### What to produce
A line qualifies if it holds the string "esym". Copy every qualifying line from the records.

[[ Dataset content, beginning ]]

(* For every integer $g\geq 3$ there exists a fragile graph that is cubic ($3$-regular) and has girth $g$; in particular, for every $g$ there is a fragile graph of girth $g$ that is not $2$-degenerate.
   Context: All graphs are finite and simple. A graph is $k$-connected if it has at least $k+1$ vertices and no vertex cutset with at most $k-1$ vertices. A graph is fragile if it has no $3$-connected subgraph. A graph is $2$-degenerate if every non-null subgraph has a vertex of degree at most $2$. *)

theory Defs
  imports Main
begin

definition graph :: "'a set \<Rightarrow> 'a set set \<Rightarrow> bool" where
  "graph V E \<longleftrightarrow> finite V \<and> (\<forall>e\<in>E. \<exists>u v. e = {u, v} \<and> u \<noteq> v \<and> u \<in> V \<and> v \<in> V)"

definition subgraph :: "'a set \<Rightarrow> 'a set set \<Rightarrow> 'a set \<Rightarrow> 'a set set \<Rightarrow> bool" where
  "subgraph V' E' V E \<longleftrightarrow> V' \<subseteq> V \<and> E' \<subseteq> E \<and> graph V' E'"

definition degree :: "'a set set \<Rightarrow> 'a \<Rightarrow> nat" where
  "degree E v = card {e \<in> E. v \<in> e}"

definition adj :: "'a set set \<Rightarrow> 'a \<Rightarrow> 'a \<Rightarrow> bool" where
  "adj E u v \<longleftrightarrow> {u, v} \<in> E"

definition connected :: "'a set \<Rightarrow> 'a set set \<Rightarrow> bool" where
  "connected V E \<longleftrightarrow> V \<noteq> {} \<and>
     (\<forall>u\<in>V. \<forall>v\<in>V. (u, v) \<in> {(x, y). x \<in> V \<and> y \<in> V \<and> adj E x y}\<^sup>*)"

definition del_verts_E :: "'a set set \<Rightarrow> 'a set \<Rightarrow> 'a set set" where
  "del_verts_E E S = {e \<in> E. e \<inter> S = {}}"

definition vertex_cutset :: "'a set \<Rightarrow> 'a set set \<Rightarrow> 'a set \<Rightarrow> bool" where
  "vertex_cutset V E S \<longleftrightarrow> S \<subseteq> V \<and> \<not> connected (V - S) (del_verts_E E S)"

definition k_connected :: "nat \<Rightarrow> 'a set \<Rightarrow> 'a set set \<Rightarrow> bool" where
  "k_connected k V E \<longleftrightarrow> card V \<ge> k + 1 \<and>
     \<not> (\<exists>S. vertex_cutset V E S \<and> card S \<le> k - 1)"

[[ Dataset content, end ]]
[[ Dataset content, beginning ]]

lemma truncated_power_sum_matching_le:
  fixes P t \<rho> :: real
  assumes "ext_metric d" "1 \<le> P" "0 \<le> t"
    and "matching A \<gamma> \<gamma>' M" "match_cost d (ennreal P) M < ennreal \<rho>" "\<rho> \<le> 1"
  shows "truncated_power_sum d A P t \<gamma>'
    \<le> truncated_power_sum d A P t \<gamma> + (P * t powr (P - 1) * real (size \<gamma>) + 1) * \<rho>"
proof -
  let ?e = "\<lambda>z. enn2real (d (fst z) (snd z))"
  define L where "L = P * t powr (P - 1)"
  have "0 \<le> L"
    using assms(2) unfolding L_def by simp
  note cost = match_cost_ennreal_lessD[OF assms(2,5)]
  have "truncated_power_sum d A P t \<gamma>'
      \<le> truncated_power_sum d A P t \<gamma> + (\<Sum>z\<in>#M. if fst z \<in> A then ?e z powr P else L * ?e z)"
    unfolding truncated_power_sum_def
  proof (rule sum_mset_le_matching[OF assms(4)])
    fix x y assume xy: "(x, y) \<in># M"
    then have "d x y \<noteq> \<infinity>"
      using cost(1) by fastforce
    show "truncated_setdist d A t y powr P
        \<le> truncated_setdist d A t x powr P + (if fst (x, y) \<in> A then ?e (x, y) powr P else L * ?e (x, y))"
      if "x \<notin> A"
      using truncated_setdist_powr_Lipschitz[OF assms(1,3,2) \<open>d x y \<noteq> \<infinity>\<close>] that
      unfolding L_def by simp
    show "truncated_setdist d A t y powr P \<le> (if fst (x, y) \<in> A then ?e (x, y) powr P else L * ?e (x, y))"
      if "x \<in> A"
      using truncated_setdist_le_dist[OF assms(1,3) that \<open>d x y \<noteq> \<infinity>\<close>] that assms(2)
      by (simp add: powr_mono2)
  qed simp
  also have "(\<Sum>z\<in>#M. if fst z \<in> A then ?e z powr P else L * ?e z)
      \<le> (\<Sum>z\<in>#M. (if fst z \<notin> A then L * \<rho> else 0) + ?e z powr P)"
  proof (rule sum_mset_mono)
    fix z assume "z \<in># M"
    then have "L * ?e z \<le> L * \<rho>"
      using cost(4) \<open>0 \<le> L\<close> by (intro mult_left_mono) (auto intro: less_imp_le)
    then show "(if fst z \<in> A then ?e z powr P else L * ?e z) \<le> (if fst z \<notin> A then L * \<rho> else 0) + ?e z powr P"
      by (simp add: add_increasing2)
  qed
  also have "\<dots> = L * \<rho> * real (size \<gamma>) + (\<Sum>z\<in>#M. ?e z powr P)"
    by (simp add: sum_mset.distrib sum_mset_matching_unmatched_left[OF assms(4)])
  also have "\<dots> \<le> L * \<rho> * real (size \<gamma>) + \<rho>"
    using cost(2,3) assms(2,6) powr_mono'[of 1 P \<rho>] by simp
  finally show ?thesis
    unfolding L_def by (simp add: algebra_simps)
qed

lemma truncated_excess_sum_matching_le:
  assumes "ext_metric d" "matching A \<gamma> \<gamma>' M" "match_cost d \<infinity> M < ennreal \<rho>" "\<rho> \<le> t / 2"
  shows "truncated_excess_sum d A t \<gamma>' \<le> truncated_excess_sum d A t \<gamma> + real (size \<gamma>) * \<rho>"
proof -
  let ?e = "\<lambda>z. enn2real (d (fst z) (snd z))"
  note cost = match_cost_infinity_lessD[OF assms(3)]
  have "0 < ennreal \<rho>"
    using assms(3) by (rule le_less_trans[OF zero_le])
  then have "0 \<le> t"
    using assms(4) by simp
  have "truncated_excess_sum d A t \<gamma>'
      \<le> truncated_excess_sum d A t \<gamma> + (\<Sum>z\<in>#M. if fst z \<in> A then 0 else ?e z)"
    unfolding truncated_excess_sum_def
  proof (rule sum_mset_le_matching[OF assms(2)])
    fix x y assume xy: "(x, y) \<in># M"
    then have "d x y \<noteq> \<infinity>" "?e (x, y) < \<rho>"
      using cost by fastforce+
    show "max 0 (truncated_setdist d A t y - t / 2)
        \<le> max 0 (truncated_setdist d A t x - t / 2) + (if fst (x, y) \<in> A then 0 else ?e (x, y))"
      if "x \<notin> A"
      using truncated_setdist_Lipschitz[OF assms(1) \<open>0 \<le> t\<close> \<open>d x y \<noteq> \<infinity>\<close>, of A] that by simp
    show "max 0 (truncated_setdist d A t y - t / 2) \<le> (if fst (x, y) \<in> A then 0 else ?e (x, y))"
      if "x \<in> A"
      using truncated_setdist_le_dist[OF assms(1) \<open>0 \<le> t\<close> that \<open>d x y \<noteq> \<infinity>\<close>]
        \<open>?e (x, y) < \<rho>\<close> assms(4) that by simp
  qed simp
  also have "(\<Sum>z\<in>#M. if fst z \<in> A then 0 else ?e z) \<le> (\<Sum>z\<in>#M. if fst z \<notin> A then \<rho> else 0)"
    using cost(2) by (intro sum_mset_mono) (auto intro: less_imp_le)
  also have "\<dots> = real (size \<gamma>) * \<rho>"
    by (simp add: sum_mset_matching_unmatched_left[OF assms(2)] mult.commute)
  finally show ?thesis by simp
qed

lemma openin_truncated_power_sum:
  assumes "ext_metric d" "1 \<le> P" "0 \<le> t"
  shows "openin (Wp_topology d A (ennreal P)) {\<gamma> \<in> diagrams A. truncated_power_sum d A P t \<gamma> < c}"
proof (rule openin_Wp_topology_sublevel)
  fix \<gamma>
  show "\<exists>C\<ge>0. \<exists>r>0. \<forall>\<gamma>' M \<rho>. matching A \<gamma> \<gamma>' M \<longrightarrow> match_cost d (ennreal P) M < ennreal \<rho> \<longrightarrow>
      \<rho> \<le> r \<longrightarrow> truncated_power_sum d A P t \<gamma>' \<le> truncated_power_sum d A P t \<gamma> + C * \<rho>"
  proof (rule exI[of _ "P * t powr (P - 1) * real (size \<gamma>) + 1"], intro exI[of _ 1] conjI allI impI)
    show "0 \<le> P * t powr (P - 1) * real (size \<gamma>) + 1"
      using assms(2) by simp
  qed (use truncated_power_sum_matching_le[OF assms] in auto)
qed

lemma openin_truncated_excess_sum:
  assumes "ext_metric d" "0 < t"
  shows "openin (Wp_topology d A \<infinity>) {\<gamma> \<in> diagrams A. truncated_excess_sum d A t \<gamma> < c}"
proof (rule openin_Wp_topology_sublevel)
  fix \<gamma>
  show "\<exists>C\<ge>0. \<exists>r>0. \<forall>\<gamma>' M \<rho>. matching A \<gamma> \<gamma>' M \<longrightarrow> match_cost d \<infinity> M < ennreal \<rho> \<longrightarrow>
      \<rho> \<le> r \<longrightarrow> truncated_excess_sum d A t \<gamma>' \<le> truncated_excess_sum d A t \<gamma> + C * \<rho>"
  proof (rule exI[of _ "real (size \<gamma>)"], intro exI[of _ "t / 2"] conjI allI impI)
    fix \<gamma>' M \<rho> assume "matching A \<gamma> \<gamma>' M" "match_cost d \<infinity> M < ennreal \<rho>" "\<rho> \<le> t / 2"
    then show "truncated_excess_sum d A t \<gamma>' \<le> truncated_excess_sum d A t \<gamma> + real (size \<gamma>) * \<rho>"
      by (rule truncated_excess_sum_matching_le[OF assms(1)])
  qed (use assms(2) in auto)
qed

[[ Dataset content, end ]]
[[ Dataset content, beginning ]]

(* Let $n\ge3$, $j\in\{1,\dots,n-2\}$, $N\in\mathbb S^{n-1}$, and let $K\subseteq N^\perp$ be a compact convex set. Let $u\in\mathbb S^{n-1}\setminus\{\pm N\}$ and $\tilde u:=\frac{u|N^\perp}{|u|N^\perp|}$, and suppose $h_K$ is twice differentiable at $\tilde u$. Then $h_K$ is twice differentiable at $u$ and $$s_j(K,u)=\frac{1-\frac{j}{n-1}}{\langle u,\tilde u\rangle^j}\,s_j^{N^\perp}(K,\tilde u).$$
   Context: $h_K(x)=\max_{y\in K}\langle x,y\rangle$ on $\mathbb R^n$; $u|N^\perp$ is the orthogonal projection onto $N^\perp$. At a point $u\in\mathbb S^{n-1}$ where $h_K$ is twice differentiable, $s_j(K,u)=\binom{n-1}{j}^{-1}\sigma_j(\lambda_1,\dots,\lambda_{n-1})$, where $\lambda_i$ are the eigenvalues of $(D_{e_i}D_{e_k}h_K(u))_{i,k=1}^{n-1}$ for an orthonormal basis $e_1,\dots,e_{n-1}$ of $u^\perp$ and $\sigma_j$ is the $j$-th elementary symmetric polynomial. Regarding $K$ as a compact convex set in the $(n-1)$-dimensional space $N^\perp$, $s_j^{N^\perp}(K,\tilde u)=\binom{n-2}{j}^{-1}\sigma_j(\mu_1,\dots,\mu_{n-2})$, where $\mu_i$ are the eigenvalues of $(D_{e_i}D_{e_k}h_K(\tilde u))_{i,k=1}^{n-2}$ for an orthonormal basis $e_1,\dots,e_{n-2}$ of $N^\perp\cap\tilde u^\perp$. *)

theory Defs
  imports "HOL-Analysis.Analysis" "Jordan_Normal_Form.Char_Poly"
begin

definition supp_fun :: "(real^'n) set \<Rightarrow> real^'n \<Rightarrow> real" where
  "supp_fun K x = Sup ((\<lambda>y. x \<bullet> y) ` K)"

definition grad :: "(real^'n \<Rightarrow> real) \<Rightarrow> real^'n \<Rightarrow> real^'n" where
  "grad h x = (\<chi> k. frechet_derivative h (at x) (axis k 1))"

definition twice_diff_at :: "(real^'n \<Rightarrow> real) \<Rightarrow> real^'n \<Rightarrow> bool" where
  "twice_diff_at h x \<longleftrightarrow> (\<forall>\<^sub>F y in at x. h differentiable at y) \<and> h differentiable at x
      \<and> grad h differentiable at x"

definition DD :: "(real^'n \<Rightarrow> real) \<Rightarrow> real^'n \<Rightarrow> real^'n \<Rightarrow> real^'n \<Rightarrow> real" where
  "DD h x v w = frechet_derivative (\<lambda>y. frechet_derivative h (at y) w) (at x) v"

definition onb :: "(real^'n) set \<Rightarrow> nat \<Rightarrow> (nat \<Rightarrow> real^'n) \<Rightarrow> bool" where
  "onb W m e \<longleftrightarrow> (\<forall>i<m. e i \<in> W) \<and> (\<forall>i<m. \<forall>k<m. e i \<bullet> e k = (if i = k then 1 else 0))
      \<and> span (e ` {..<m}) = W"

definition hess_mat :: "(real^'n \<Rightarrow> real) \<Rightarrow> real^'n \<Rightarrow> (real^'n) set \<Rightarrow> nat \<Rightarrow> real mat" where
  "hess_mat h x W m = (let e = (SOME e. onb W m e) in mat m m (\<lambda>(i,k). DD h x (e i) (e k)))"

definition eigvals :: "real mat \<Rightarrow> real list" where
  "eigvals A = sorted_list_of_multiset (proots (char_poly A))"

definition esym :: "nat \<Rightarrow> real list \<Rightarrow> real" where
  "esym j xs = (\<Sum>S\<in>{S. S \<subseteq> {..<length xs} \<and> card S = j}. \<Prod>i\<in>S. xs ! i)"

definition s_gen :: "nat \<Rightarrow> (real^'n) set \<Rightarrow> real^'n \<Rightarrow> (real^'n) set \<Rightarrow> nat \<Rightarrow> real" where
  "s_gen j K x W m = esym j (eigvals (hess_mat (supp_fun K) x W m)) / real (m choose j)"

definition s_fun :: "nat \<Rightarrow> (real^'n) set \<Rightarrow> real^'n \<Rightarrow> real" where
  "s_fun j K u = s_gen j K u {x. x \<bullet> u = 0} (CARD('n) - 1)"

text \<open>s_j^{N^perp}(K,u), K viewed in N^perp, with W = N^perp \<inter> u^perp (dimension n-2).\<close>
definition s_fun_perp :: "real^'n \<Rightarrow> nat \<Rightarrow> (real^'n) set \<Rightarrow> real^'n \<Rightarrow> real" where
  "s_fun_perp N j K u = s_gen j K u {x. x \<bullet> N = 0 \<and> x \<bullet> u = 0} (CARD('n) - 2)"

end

[[ Dataset content, end ]]

### Your response
definition esym :: "nat \<Rightarrow> real list \<Rightarrow> real" where
  "esym j xs = (\<Sum>S\<in>{S. S \<subseteq> {..<length xs} \<and> card S = j}. \<Prod>i\<in>S. xs ! i)"
  "s_gen j K x W m = esym j (eigvals (hess_mat (supp_fun K) x W m)) / real (m choose j)"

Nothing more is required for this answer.